> [Exercise]: If a line holds the word "times", copy it from the entries.

[Stored items]
- - - - - - -

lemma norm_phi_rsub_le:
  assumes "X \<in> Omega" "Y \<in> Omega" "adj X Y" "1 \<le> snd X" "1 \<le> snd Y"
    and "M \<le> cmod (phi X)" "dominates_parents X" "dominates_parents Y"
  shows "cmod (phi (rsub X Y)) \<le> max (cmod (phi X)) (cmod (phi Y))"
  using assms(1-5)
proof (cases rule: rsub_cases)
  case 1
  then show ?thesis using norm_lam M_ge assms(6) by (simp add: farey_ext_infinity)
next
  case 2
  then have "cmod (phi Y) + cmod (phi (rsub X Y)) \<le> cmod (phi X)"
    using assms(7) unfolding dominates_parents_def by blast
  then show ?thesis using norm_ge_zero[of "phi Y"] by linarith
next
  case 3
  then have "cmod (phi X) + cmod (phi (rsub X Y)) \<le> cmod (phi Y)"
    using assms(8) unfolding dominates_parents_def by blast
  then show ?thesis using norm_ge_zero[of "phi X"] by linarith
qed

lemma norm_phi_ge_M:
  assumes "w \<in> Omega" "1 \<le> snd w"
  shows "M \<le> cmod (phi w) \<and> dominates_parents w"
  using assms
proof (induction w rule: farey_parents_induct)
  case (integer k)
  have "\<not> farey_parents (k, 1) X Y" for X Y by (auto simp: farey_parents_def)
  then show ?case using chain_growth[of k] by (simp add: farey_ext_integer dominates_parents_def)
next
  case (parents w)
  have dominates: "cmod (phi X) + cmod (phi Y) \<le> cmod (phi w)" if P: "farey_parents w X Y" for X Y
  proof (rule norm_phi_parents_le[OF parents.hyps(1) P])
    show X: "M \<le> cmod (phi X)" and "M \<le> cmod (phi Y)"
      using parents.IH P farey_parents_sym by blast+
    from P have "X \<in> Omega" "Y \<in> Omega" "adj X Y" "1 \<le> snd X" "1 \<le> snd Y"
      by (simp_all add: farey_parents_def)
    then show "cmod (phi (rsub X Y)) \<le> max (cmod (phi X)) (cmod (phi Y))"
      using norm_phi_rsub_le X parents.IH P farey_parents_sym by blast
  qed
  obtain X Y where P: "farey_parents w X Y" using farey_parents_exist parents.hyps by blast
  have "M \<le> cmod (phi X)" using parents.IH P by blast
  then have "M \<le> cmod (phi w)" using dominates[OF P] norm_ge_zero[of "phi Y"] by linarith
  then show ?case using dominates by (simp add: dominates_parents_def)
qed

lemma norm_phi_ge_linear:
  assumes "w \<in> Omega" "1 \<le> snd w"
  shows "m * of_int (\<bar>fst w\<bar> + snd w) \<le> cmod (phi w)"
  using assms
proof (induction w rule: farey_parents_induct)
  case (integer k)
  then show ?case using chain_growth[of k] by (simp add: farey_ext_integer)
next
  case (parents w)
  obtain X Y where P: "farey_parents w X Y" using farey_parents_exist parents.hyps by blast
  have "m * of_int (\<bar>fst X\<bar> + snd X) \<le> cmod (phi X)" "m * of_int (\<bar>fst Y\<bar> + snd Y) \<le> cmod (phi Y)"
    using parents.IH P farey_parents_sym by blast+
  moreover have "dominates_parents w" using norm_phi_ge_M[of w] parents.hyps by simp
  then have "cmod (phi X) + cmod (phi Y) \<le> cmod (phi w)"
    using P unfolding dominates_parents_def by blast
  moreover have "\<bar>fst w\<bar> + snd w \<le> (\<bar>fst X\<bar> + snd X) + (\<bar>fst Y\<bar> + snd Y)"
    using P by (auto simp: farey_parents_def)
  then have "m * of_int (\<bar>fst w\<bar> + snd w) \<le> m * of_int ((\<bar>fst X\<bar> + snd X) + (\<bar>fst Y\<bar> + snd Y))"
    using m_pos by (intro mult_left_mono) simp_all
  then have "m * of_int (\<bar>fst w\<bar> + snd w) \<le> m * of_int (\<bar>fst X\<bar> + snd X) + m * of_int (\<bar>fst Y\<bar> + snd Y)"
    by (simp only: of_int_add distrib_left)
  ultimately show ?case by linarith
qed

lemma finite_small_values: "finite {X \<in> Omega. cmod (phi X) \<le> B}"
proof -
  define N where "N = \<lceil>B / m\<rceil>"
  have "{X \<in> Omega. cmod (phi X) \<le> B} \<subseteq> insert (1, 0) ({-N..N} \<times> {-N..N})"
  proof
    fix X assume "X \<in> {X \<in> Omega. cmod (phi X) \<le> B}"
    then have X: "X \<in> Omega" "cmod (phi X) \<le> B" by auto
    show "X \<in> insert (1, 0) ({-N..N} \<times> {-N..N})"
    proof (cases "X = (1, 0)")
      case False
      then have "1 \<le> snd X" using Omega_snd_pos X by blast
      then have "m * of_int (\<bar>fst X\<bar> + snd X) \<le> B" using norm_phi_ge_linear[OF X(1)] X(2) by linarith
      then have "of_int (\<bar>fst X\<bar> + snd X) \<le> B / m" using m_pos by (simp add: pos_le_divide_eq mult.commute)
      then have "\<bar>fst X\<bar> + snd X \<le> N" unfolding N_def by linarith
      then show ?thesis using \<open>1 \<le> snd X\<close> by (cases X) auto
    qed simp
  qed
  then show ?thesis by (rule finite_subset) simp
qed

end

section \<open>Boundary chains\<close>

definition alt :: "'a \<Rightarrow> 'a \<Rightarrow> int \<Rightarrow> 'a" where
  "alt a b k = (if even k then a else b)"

- - - - - - -

> [Response]:
  have "{X \<in> Omega. cmod (phi X) \<le> B} \<subseteq> insert (1, 0) ({-N..N} \<times> {-N..N})"
    show "X \<in> insert (1, 0) ({-N..N} \<times> {-N..N})"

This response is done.